======== DATA SECTION ========

lemma smallo_at_right_of_deriv_smallo:
  fixes g g' :: "real \<Rightarrow> real"
  assumes "a < b" and "g a = 0"
    and deriv: "\<And>t. t \<in> {a..b} \<Longrightarrow> (g has_real_derivative g' t) (at t within {a..b})"
    and small: "g' \<in> o[at_right a](\<lambda>x. (x - a) ^ j)"
  shows "g \<in> o[at_right a](\<lambda>x. (x - a) ^ Suc j)"
proof (rule landau_o.smallI)
  fix e :: real
  assume "e > 0"
  obtain b' where "b' > a" and b': "\<And>z. a < z \<Longrightarrow> z < b' \<Longrightarrow> \<bar>g' z\<bar> \<le> e * \<bar>(z - a) ^ j\<bar>"
    using landau_o.smallD[OF small \<open>e > 0\<close>] by (auto simp: eventually_at_right_field)
  have "\<bar>g y\<bar> \<le> e * \<bar>(y - a) ^ Suc j\<bar>" if "a < y" "y < min b b'" for y
  proof -
    obtain z where z: "z \<in> {a<..<y}" and mvt: "g y - g a = g' z * (y - a)"
      using mvt_simple[of a y g "\<lambda>t v. g' t * v"] \<open>a < y\<close> \<open>y < min b b'\<close>
        deriv[THEN DERIV_subset, of _ "{a..y}"] by (auto simp: has_field_derivative_def)
    have "\<bar>g y\<bar> = \<bar>g' z\<bar> * (y - a)"
      using mvt \<open>g a = 0\<close> \<open>a < y\<close> by (simp add: abs_mult)
    also have "\<dots> \<le> e * (z - a) ^ j * (y - a)"
      using b'[of z] z that \<open>a < y\<close> by (intro mult_right_mono) (auto simp: power_abs)
    also have "\<dots> \<le> e * (y - a) ^ j * (y - a)"
      using z \<open>e > 0\<close> \<open>a < y\<close> by (intro mult_right_mono mult_left_mono power_mono) auto
    finally show ?thesis
      using \<open>a < y\<close> by (simp add: power_abs ac_simps)
  qed
  then show "\<forall>\<^sub>F x in at_right a. norm (g x) \<le> e * norm ((x - a) ^ Suc j)"
    using \<open>a < b\<close> \<open>b' > a\<close> by (auto simp: eventually_at_right_field intro!: exI[of _ "min b b'"])
qed

lemma taylor_poly_deriv_approximation:
  fixes D :: "nat \<Rightarrow> real \<Rightarrow> real"
  assumes "a < b"
    and diff: "\<And>k t. k \<le> m \<Longrightarrow> t \<in> {a..b} \<Longrightarrow> (D k has_real_derivative D (Suc k) t) (at t within {a..b})"
    and "k \<le> m"
  shows "(\<lambda>x. D k x - taylor_poly_deriv (\<lambda>i. D i a) (Suc m) a k x)
           \<in> o[at_right a](\<lambda>x. (x - a) ^ (Suc m - k))"
  using \<open>k \<le> m\<close>
proof (induction k rule: inc_induct)
  case base
  have "((\<lambda>x. D m x - taylor_poly_deriv (\<lambda>i. D i a) (Suc m) a m x) has_real_derivative
      D (Suc m) a - taylor_poly_deriv (\<lambda>i. D i a) (Suc m) a (Suc m) a) (at a within {a..b})"
    using \<open>a < b\<close> by (intro DERIV_diff diff has_real_derivative_taylor_poly_deriv) auto
  then have "(\<lambda>x. D m x - taylor_poly_deriv (\<lambda>i. D i a) (Suc m) a m x) \<in> o[at_right a](\<lambda>x. x - a)"
    by (intro smallo_at_right_of_deriv_zero[OF \<open>a < b\<close>])
      (simp_all add: taylor_poly_deriv_top taylor_poly_deriv_center)
  then show ?case
    by (simp add: Suc_diff_le)
next
  case (step k)
  have "Suc m - k = Suc (Suc m - Suc k)"
    using step.hyps by simp
  then show ?case
    using step by (simp only:) (intro smallo_at_right_of_deriv_smallo[OF \<open>a < b\<close>];
      auto intro!: DERIV_diff diff has_real_derivative_taylor_poly_deriv simp: taylor_poly_deriv_center)
qed

definition frozen_taylor_error :: "(nat \<Rightarrow> real \<Rightarrow> real) \<Rightarrow> nat \<Rightarrow> real \<Rightarrow> real \<Rightarrow> real" where
  "frozen_taylor_error D m a x = taylor_poly D m x a + D (Suc m) a / fact (Suc m) * (a - x) ^ Suc m - D 0 a"

lemma frozen_taylor_error_smallo:
  fixes D :: "nat \<Rightarrow> real \<Rightarrow> real"
  assumes "a < b"
    and diff: "\<And>k t. k \<le> m \<Longrightarrow> t \<in> {a..b} \<Longrightarrow> (D k has_real_derivative D (Suc k) t) (at t within {a..b})"
  shows "frozen_taylor_error D m a \<in> o[at_right a](\<lambda>x. (x - a) ^ Suc m)"
proof -
  define P where "P = taylor_poly_deriv (\<lambda>i. D i a) (Suc m) a"
  have "frozen_taylor_error D m a x = taylor_poly D m x a - taylor_poly P m x a" for x
    using taylor_poly_of_taylor_poly_deriv[of "\<lambda>i. D i a" m a x]
    by (simp add: frozen_taylor_error_def P_def)
  then have expand: "frozen_taylor_error D m a = (\<lambda>x. \<Sum>k\<le>m. (D k x - P k x) * ((a - x) ^ k / fact k))"
    by (auto simp: taylor_poly_def fun_eq_iff algebra_simps diff_divide_distrib sum_subtractf[symmetric])
  have "(\<lambda>x. (D k x - P k x) * ((a - x) ^ k / fact k)) \<in> o[at_right a](\<lambda>x. (x - a) ^ Suc m)"
    if "k \<le> m" for k
  proof -
    have "(\<lambda>x. (a - x) ^ k / fact k) \<in> O[at_right a](\<lambda>x. (x - a) ^ k)"
    proof (intro landau_o.bigI[of 1] always_eventually allI)
      show "norm ((a - x) ^ k / fact k) \<le> 1 * norm ((x - a) ^ k)" for x
        using fact_ge_1[of k, where 'a=real]
        by (simp add: power_abs abs_minus_commute divide_le_eq mult_le_cancel_left1)
    qed simp
    from landau_o.small_big_mult[OF taylor_poly_deriv_approximation[where D=D, OF assms that] this]
    show ?thesis
      using that by (simp add: P_def flip: power_add)
  qed
  then show ?thesis
    unfolding expand by (intro big_sum_in_smallo) simp
qed

lemma has_real_derivative_frozen_taylor_error_quotient:
  fixes D :: "nat \<Rightarrow> real \<Rightarrow> real"
  assumes diff: "\<And>k. k \<le> m \<Longrightarrow> (D k has_real_derivative D (Suc k) t) (at t within S)"
    and "t \<noteq> a"
  shows "((\<lambda>x. frozen_taylor_error D m a x / (x - a) ^ Suc m) has_real_derivative
           - real (Suc m) * (taylor_poly D (Suc m) t a - D 0 a) / (t - a) ^ Suc (Suc m))
         (at t within S)"
proof -
  define c where "c = D (Suc m) t - D (Suc m) a"
  have dK: "(frozen_taylor_error D m a has_real_derivative c * (a - t) ^ m / fact m) (at t within S)"
    unfolding frozen_taylor_error_def c_def
    by (rule DERIV_cong[OF DERIV_diff[OF DERIV_add[OF
            has_real_derivative_taylor_poly_center[where D=D, OF diff]
            DERIV_cmult[OF DERIV_power_Suc[OF DERIV_diff[OF DERIV_const DERIV_ident]]]] DERIV_const]])
      (simp_all add: divide_simps left_diff_distrib)
  have dP: "((\<lambda>x. (x - a) ^ Suc m) has_real_derivative real (Suc m) * (t - a) ^ m) (at t within S)"
    by (rule DERIV_cong[OF DERIV_power_Suc[OF DERIV_diff[OF DERIV_ident DERIV_const]]]) simp
  have F: "taylor_poly D (Suc m) t a - D 0 a
      = frozen_taylor_error D m a t + c / fact (Suc m) * (a - t) ^ Suc m"
    by (simp add: frozen_taylor_error_def taylor_poly_Suc c_def algebra_simps diff_divide_distrib)
  have alg: "(c * (a - t) ^ m / fact m * (t - a) ^ Suc m - K * (real (Suc m) * (t - a) ^ m))
      / ((t - a) ^ Suc m * (t - a) ^ Suc m)
      = - real (Suc m) * (K + c / fact (Suc m) * (a - t) ^ Suc m) / (t - a) ^ Suc (Suc m)" for K
  proof -
    define u where "u = t - a"
    define N :: real where "N = real (Suc m)"
    have eqs: "t - a = u" "a - t = - u"
      by (simp_all add: u_def)
    have "u \<noteq> 0" "u ^ m \<noteq> 0" "N \<noteq> 0"
      using \<open>t \<noteq> a\<close> by (simp_all add: u_def N_def)
    then show ?thesis
      unfolding eqs fact_Suc unfolding N_def[symmetric] power_Suc power_minus[of u m]
      by (simp add: field_simps)
  qed
  show ?thesis
    by (rule DERIV_cong[OF DERIV_divide[OF dK dP]])
      (use \<open>t \<noteq> a\<close> in \<open>simp_all only: alg F, simp\<close>)
qed

lemma Rolle_real_deriv:
  fixes G G' :: "real \<Rightarrow> real"
  assumes "y < b" and "G y = G b" and "continuous_on {y..b} G"
    and "\<And>t. y < t \<Longrightarrow> t < b \<Longrightarrow> (G has_real_derivative G' t) (at t)"
  shows "\<exists>c\<in>{y<..<b}. G' c = 0"
proof -
  obtain c where "y < c" "c < b" "(\<lambda>v. G' c * v) = (\<lambda>v. 0)"
    using Rolle_deriv[of y b G "\<lambda>t v. G' t * v"] assms by (auto simp: has_field_derivative_def)
  then show ?thesis
    by (metis greaterThanLessThan_iff mult_cancel_left1)
qed

lemma exists_deriv_zero_Ioc_nonneg:
  fixes H H' :: "real \<Rightarrow> real"
  assumes "a < b" and cont: "continuous_on {a..b} H" and "H a = 0"
    and deriv: "\<And>t. t \<in> {a<..b} \<Longrightarrow> (H has_real_derivative H' t) (at t within {a..b})"
    and "H b * H' b \<le> 0" and nonneg: "H b \<ge> 0"
  shows "\<exists>c\<in>{a<..b}. H' c = 0"
proof -
  have deriv_at: "(H has_real_derivative H' t) (at t)" if "y < t" "t < b" "a \<le> y" for y t
    using deriv[of t] that by (simp add: at_within_Icc_at)
  have Rolle_from: "\<exists>c\<in>{a<..b}. H' c = 0" if "a \<le> y" "y < b" "H y = H b" for y
  proof -
    have "continuous_on {y..b} H"
      using cont by (rule continuous_on_subset) (use \<open>a \<le> y\<close> in auto)
    then show ?thesis
      using Rolle_real_deriv[of y b H H'] deriv_at that by fastforce
  qed
  consider "H' b = 0" | "H b = 0" | "H b > 0" "H' b < 0"
    using nonneg \<open>H b * H' b \<le> 0\<close> by (fastforce simp: mult_le_0_iff)
  then show ?thesis
  proof cases
    case 1
    then show ?thesis
      using \<open>a < b\<close> by auto
  next
    case 2
    then show ?thesis
      using Rolle_from[of a] \<open>a < b\<close> \<open>H a = 0\<close> by simp
  next
    case 3
    obtain d where "d > 0" and d: "\<And>h. h > 0 \<Longrightarrow> b - h \<in> {a..b} \<Longrightarrow> h < d \<Longrightarrow> H b < H (b - h)"
      using has_real_derivative_neg_dec_left[OF deriv \<open>H' b < 0\<close>] \<open>a < b\<close> by auto
    define h where "h = min (d / 2) ((b - a) / 2)"
    have "0 < h" "h < d" "2 * h \<le> b - a"
      using \<open>d > 0\<close> \<open>a < b\<close> by (auto simp: h_def min_def)
    define x where "x = b - h"
    have "a < x" "x < b" "H b < H x"
      using d[of h] \<open>0 < h\<close> \<open>h < d\<close> \<open>2 * h \<le> b - a\<close> by (auto simp: x_def)
    moreover have "continuous_on {a..x} H"
      using cont by (rule continuous_on_subset) (use \<open>x < b\<close> in auto)
    ultimately obtain y where "a \<le> y" "y \<le> x" "H y = H b"
      using IVT'[of H a "H b" x] \<open>H a = 0\<close> nonneg by auto
    then show ?thesis
      using Rolle_from[of y] \<open>x < b\<close> by simp
  qed
qed

lemma exists_deriv_zero_Ioc:
  fixes H H' :: "real \<Rightarrow> real"
  assumes "a < b" and "continuous_on {a..b} H" and "H a = 0"
    and "\<And>t. t \<in> {a<..b} \<Longrightarrow> (H has_real_derivative H' t) (at t within {a..b})"
    and "H b * H' b \<le> 0"
  shows "\<exists>c\<in>{a<..b}. H' c = 0"
proof (cases "H b \<ge> 0")
  case True
  then show ?thesis
    using exists_deriv_zero_Ioc_nonneg assms by blast
next
  case False
  have "\<exists>c\<in>{a<..b}. - H' c = 0"
    using False assms by (intro exists_deriv_zero_Ioc_nonneg[of a b "\<lambda>x. - H x"])
      (auto intro: continuous_on_minus DERIV_minus)
  then show ?thesis
    by simp
qed

lemma taylor_poly_difference_quotient:
  fixes D :: "nat \<Rightarrow> real \<Rightarrow> real"
  assumes "x \<noteq> y"
  shows "(D 0 x - taylor_poly D n x y) / (x - y)
           = (\<Sum>i=1..n. (-1) ^ (i + 1) / fact i * (x - y) ^ (i - 1) * D i x)"
proof -
  have "taylor_poly D n x y = D 0 x + (\<Sum>i=1..n. D i x / fact i * (y - x) ^ i)"
    by (simp add: taylor_poly_def atMost_atLeast0 sum.atLeast_Suc_atMost)
  moreover have "D i x / fact i * (y - x) ^ i
      = - ((-1) ^ (i + 1) / fact i * (x - y) ^ (i - 1) * D i x * (x - y))"
    if "i \<in> {1..n}" for i
  proof -
    have "(y - x) ^ i = (-1) ^ i * (x - y) ^ i"
      by (metis minus_diff_eq power_minus)
    also have "\<dots> = (-1) ^ i * ((x - y) ^ (i - 1) * (x - y))"
      using that by (cases i) (simp_all add: ac_simps)
    finally show ?thesis
      by simp
  qed
  then have "(\<Sum>i=1..n. D i x / fact i * (y - x) ^ i)
      = - ((\<Sum>i=1..n. (-1) ^ (i + 1) / fact i * (x - y) ^ (i - 1) * D i x) * (x - y))"
    unfolding sum_distrib_right sum_negf[symmetric] by (rule sum.cong[OF refl])
  ultimately show ?thesis
    using assms by simp
qed

lemma continuous_on_frozen_taylor_error_quotient:
  fixes D :: "nat \<Rightarrow> real \<Rightarrow> real"
  assumes "a < b"
    and diff: "\<And>k t. k \<le> m \<Longrightarrow> t \<in> {a..b} \<Longrightarrow> (D k has_real_derivative D (Suc k) t) (at t within {a..b})"
  shows "continuous_on {a..b} (\<lambda>x. frozen_taylor_error D m a x / (x - a) ^ Suc m)"
  unfolding continuous_on_eq_continuous_within
proof
  fix t
  assume t: "t \<in> {a..b}"
  show "continuous (at t within {a..b}) (\<lambda>x. frozen_taylor_error D m a x / (x - a) ^ Suc m)"
  proof (cases "t = a")
    case True
    have "((\<lambda>x. frozen_taylor_error D m a x / (x - a) ^ Suc m) \<longlongrightarrow> 0) (at_right a)"
      by (rule smalloD_tendsto[OF frozen_taylor_error_smallo[where D=D, OF assms]])
    then show ?thesis
      using True \<open>a < b\<close> by (simp add: continuous_within at_within_Icc_at_right)
  next
    case False
    then show ?thesis
      using t diff by (blast intro: DERIV_continuous has_real_derivative_frozen_taylor_error_quotient)
  qed
qed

========

# [TASK DIRECTIONS]
For the string "expand", return every line of the data where it appears.

# [OUTPUT OF THE TASK]
  then have expand: "frozen_taylor_error D m a = (\<lambda>x. \<Sum>k\<le>m. (D k x - P k x) * ((a - x) ^ k / fact k))"
    unfolding expand by (intro big_sum_in_smallo) simp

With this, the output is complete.